Copy out, exactly as given, every line from the line with "tight f T \<and>" to the end of the listing, both of those lines included.

┌─ GIVEN RECORDS

(* Let $f:[0,1]\to[0,1]$ be a surjective continuous function that does not admit a splitting sequence. If $f$ admits two 2-cycles $\{s,t\}$ and $\{u,v\}$ with $s<t$, $u<v$ and $s<u$, then there is exactly one component $C$ of $f^{-1}([s,u])$ such that $f(C)=[s,u]$, and there is exactly one component $C'$ of $f^{-1}([v,t])$ such that $f(C')=[v,t]$.
   Context: A 2-cycle is a set $\{s,t\}$ with $s\ne t$, $f(s)=t$, $f(t)=s$. A sequence $(T_n)_{n\in\mathbb N}$ of closed intervals $T_n\subsetneq[0,1]$ (possibly degenerate) is tight if $f(T_{n+1})=T_n$ for every $n$ and $T_n$ is nondegenerate for all sufficiently large $n$. A tight sequence $(T_n)$, $T_n=[l_n,r_n]$, is a splitting sequence admitted by $f$ if there are an infinite set $N\subseteq\mathbb N$ and nondegenerate closed intervals $S_n\subseteq[0,1]$ ($n\in N$) with $S_n\cap T_n\subseteq\{l_n,r_n\}$ and $f(S_n)=f(T_n)$ for all $n\in N$. *)

theory Defs
  imports "HOL-Analysis.Analysis"
begin

text \<open>Maps of the unit interval are modelled as functions real to real; only
their values on {0..1} matter.\<close>

definition two_cycle :: "(real \<Rightarrow> real) \<Rightarrow> real \<Rightarrow> real \<Rightarrow> bool" where
  "two_cycle f s t \<longleftrightarrow> s \<in> {0..1} \<and> t \<in> {0..1} \<and> s \<noteq> t \<and> f s = t \<and> f t = s"

definition closed_interval :: "real set \<Rightarrow> bool" where
  "closed_interval I \<longleftrightarrow> (\<exists>a b. a \<le> b \<and> I = {a..b})"

definition nondegenerate :: "real set \<Rightarrow> bool" where
  "nondegenerate I \<longleftrightarrow> (\<exists>a b. a < b \<and> I = {a..b})"

definition tight :: "(real \<Rightarrow> real) \<Rightarrow> (nat \<Rightarrow> real set) \<Rightarrow> bool" where
  "tight f T \<longleftrightarrow>
     (\<forall>n. closed_interval (T n) \<and> T n \<subset> {0..1}) \<and>
     (\<forall>n. f ` T (Suc n) = T n) \<and>
     (\<exists>n0. \<forall>n\<ge>n0. nondegenerate (T n))"

definition splitting_sequence :: "(real \<Rightarrow> real) \<Rightarrow> (nat \<Rightarrow> real set) \<Rightarrow> bool" where
  "splitting_sequence f T \<longleftrightarrow> tight f T \<and>
     (\<exists>N S. infinite N \<and>
        (\<forall>n\<in>N. nondegenerate (S n) \<and> S n \<subseteq> {0..1} \<and>
                 S n \<inter> T n \<subseteq> {Inf (T n), Sup (T n)} \<and> f ` S n = f ` T n))"

definition admits_splitting_sequence :: "(real \<Rightarrow> real) \<Rightarrow> bool" where
  "admits_splitting_sequence f \<longleftrightarrow> (\<exists>T. splitting_sequence f T)"

end

theory Submission
  imports Defs
begin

└─

> [ANSWER TO THIS EXERCISE]:
  "splitting_sequence f T \<longleftrightarrow> tight f T \<and>
     (\<exists>N S. infinite N \<and>
        (\<forall>n\<in>N. nondegenerate (S n) \<and> S n \<subseteq> {0..1} \<and>
                 S n \<inter> T n \<subseteq> {Inf (T n), Sup (T n)} \<and> f ` S n = f ` T n))"

definition admits_splitting_sequence :: "(real \<Rightarrow> real) \<Rightarrow> bool" where
  "admits_splitting_sequence f \<longleftrightarrow> (\<exists>T. splitting_sequence f T)"

end

theory Submission
  imports Defs
begin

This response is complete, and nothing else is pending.